(RECORDS TO PROCESS Opens)

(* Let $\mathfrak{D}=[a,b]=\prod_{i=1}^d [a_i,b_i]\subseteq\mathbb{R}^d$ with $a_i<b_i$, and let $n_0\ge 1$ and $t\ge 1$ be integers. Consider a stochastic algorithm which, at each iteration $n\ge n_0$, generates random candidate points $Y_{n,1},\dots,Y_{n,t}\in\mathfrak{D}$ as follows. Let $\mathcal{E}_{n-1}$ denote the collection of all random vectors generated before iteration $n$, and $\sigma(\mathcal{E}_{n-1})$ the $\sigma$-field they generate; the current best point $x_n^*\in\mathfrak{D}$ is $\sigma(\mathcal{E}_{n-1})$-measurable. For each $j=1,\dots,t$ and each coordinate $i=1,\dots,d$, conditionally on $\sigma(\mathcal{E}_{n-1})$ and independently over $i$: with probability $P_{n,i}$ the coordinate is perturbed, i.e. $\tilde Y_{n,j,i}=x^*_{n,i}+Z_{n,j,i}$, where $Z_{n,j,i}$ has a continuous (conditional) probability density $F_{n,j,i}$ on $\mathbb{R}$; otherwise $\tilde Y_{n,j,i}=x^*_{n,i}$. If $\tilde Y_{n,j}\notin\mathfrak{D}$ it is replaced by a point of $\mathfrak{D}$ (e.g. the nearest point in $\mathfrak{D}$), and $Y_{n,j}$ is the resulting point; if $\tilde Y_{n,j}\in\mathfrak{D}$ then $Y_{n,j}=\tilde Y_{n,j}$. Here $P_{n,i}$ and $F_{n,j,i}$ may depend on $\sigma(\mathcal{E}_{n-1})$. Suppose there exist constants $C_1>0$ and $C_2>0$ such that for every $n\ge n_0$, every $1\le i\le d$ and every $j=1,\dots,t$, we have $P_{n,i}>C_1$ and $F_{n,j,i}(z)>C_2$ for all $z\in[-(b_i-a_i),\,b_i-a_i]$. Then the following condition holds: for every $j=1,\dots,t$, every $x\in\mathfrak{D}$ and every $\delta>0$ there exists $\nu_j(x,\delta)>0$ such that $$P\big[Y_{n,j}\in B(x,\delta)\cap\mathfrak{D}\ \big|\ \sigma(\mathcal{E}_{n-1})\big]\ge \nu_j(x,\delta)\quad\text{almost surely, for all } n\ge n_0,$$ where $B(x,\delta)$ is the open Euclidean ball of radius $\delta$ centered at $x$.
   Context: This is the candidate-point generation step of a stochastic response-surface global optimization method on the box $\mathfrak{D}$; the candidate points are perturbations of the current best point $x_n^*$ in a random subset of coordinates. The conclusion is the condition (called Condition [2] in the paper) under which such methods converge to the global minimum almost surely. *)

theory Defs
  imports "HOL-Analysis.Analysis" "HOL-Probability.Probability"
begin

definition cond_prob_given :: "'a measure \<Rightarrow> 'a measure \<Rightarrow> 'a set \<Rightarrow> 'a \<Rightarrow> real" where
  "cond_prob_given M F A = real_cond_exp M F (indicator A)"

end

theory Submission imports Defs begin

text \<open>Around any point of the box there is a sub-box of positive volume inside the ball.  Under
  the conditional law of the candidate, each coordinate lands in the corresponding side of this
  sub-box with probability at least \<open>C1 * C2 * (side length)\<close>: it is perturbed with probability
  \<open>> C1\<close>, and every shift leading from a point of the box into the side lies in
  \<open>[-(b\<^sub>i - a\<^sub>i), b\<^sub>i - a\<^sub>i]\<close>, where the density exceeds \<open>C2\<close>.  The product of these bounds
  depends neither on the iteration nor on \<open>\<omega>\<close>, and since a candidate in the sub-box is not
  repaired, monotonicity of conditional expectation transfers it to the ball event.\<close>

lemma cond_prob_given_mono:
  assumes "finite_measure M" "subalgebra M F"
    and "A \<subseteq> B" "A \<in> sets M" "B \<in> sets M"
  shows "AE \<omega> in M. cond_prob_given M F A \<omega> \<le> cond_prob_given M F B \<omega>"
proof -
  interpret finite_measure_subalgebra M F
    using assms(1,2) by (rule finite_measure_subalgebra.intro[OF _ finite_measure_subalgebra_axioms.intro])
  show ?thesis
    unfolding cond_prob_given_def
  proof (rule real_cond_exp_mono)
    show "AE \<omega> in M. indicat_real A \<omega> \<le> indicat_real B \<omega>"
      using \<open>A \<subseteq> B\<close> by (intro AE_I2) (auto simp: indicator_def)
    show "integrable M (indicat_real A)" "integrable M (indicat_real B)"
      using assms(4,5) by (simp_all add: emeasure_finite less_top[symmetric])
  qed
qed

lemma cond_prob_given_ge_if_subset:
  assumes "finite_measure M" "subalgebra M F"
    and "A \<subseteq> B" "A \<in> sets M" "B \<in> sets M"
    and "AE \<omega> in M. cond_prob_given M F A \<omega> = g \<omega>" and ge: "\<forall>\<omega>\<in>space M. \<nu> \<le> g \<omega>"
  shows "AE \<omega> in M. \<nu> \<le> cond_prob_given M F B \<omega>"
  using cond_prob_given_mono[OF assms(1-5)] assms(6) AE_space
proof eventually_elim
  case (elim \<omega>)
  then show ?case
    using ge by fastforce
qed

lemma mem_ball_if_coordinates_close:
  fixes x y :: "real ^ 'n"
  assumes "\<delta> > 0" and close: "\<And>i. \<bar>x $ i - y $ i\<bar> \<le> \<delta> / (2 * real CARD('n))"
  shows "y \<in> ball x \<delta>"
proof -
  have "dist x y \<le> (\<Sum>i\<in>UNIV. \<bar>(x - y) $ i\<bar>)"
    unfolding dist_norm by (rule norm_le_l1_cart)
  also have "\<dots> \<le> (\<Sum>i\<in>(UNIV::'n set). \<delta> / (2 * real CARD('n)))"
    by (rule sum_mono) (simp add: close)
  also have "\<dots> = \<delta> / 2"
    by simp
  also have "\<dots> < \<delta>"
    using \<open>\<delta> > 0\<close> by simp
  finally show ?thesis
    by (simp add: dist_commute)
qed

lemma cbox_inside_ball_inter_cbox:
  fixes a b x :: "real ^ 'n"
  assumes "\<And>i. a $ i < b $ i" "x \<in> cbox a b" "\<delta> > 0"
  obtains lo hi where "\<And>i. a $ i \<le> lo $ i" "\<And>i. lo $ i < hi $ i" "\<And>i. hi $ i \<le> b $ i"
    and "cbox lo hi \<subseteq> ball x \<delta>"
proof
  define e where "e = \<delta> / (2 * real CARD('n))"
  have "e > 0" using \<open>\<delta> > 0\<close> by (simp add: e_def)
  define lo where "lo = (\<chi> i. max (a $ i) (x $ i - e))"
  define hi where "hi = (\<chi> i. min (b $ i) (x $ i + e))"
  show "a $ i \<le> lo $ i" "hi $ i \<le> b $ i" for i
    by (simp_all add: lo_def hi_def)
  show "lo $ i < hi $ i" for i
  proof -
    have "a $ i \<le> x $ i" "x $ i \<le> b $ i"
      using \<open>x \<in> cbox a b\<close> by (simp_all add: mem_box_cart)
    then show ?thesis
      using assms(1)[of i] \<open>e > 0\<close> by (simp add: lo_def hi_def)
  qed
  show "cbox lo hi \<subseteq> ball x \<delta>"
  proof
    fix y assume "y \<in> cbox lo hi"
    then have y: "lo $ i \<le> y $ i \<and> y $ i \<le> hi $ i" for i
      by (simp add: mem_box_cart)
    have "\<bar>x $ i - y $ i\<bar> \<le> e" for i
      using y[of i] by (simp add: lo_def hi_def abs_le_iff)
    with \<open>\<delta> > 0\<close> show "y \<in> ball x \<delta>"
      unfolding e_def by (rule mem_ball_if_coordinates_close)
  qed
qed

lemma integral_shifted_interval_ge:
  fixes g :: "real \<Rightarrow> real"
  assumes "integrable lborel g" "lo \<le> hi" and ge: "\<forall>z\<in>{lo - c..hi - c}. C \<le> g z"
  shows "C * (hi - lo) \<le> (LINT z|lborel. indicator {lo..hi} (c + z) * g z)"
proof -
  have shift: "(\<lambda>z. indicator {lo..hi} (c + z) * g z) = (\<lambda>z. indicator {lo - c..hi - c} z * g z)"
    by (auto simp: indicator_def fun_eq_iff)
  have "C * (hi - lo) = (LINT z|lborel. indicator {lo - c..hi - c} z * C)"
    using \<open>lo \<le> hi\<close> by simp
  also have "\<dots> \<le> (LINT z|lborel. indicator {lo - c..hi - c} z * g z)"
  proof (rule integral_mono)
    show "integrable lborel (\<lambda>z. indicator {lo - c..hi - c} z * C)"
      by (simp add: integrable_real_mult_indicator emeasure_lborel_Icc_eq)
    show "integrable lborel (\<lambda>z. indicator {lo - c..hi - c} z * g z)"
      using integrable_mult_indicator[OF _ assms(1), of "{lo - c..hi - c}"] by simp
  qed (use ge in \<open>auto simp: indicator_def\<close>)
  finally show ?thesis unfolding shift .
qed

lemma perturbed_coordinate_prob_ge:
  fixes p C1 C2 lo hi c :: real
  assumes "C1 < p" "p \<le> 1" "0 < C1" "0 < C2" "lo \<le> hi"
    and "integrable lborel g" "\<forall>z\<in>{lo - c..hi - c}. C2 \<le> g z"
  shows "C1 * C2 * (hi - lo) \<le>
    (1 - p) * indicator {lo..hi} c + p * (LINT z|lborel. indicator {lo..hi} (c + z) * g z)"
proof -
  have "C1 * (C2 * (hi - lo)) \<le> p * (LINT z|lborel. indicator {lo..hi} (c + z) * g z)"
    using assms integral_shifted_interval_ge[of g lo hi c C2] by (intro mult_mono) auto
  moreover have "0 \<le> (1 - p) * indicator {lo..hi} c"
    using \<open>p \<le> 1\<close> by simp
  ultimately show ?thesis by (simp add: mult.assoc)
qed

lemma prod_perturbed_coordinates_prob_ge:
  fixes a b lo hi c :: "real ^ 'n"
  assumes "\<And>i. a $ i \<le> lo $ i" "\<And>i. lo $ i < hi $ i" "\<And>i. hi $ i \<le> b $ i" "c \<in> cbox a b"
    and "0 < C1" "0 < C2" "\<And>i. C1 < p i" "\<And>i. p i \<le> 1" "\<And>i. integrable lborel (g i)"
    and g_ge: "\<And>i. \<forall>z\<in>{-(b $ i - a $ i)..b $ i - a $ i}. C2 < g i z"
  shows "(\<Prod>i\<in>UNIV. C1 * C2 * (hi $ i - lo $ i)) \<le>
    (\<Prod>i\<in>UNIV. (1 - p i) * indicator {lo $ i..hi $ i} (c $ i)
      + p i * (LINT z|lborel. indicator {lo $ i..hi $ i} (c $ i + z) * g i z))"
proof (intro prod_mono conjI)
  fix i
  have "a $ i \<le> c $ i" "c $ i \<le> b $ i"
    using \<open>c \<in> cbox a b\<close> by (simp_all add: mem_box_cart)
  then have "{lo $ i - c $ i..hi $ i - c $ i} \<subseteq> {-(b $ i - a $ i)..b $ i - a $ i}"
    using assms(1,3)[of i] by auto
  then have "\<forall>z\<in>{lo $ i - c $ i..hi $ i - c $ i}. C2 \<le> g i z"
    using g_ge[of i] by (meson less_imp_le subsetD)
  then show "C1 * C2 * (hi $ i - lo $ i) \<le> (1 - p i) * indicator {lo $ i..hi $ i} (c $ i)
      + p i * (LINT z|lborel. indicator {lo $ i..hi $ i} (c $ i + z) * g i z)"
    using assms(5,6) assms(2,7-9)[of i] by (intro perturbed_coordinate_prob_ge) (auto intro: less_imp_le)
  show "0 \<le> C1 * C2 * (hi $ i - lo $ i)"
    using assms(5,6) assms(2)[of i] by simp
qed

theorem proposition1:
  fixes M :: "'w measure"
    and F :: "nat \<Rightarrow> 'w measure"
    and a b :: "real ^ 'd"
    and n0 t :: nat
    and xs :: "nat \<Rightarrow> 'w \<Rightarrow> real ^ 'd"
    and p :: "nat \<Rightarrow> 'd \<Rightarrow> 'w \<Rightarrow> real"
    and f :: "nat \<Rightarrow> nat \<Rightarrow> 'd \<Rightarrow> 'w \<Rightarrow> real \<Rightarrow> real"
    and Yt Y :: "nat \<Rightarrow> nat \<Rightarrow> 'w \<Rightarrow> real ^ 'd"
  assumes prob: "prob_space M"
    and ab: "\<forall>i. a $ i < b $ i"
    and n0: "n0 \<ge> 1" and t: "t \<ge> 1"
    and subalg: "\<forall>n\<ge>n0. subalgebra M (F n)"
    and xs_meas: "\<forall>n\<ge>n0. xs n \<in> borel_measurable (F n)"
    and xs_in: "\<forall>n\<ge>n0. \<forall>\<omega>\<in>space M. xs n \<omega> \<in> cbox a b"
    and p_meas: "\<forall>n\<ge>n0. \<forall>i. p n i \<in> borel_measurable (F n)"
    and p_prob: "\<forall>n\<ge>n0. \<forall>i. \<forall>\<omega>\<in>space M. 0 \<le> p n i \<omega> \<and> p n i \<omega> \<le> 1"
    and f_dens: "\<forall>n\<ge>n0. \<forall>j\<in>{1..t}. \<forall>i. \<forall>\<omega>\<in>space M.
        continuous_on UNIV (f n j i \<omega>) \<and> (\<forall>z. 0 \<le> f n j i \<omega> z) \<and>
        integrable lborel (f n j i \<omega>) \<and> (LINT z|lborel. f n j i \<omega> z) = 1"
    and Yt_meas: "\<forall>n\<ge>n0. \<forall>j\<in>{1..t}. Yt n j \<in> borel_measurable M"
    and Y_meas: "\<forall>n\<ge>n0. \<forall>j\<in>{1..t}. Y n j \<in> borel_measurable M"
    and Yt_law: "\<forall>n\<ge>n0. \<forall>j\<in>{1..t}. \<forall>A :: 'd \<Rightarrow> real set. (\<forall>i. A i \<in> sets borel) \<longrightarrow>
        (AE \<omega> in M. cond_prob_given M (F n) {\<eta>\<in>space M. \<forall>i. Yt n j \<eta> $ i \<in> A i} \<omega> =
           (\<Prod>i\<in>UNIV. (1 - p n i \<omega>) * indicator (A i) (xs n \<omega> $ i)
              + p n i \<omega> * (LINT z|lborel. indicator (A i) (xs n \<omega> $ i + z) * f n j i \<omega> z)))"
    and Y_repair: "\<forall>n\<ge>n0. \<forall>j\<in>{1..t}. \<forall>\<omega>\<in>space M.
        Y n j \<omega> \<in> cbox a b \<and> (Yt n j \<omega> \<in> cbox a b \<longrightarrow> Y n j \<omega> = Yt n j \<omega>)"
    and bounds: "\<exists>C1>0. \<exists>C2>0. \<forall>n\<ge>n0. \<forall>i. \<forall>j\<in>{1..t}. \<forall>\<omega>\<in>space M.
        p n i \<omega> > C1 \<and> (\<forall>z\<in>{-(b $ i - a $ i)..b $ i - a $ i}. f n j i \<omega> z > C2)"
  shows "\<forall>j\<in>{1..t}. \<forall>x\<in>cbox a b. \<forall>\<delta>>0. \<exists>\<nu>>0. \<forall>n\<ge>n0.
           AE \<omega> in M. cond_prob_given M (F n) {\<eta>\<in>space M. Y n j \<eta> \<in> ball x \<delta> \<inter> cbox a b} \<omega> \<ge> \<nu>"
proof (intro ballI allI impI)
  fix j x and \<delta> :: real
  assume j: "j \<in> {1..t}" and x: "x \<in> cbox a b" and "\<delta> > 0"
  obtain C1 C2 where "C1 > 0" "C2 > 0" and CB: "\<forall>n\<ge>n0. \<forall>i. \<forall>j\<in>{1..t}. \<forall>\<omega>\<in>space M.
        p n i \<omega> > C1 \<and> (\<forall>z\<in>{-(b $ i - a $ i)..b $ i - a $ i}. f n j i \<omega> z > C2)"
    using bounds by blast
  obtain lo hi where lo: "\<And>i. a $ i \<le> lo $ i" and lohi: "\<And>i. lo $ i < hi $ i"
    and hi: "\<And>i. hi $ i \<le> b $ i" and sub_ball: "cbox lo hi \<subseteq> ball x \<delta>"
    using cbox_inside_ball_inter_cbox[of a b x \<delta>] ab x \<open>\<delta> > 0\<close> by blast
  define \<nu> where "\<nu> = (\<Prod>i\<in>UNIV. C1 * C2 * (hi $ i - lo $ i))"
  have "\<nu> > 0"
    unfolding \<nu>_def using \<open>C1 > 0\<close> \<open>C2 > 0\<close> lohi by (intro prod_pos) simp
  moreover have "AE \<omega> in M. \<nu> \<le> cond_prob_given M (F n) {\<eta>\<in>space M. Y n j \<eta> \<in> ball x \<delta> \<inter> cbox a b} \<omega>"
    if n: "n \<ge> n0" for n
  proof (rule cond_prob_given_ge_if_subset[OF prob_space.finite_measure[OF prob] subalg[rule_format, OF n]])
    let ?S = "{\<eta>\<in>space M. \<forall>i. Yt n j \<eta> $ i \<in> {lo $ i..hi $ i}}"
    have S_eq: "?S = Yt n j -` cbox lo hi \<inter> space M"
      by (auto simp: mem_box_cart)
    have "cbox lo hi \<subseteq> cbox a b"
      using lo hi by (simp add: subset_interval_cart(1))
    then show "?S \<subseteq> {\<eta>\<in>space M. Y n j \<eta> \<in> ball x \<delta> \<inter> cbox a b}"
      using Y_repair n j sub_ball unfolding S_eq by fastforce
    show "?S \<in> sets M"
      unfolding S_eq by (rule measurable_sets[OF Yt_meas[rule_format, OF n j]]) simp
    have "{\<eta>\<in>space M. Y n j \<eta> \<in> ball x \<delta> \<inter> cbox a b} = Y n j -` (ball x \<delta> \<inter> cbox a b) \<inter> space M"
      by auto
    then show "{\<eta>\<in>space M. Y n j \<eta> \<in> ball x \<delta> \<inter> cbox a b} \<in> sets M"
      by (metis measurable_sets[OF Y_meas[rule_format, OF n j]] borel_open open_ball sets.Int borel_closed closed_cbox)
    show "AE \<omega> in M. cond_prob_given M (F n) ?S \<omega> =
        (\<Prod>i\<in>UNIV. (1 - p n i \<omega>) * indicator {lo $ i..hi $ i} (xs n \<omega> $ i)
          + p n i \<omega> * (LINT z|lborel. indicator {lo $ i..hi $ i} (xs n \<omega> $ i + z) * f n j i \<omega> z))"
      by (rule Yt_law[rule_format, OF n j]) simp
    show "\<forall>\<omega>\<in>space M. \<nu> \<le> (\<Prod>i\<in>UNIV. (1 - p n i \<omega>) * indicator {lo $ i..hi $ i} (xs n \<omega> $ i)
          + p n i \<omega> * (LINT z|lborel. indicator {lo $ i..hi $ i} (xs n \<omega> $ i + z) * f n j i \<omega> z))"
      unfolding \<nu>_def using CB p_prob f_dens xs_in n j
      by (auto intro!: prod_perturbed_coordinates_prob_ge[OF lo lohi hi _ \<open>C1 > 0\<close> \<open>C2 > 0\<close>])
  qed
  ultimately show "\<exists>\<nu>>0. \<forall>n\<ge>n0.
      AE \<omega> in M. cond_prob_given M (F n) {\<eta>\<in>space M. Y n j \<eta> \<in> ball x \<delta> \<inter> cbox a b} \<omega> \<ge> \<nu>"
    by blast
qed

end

(RECORDS TO PROCESS Closes)

Nothing but a number is expected here: how many lines above include the string "bounds".

▸ **TASK SOLUTION**: 3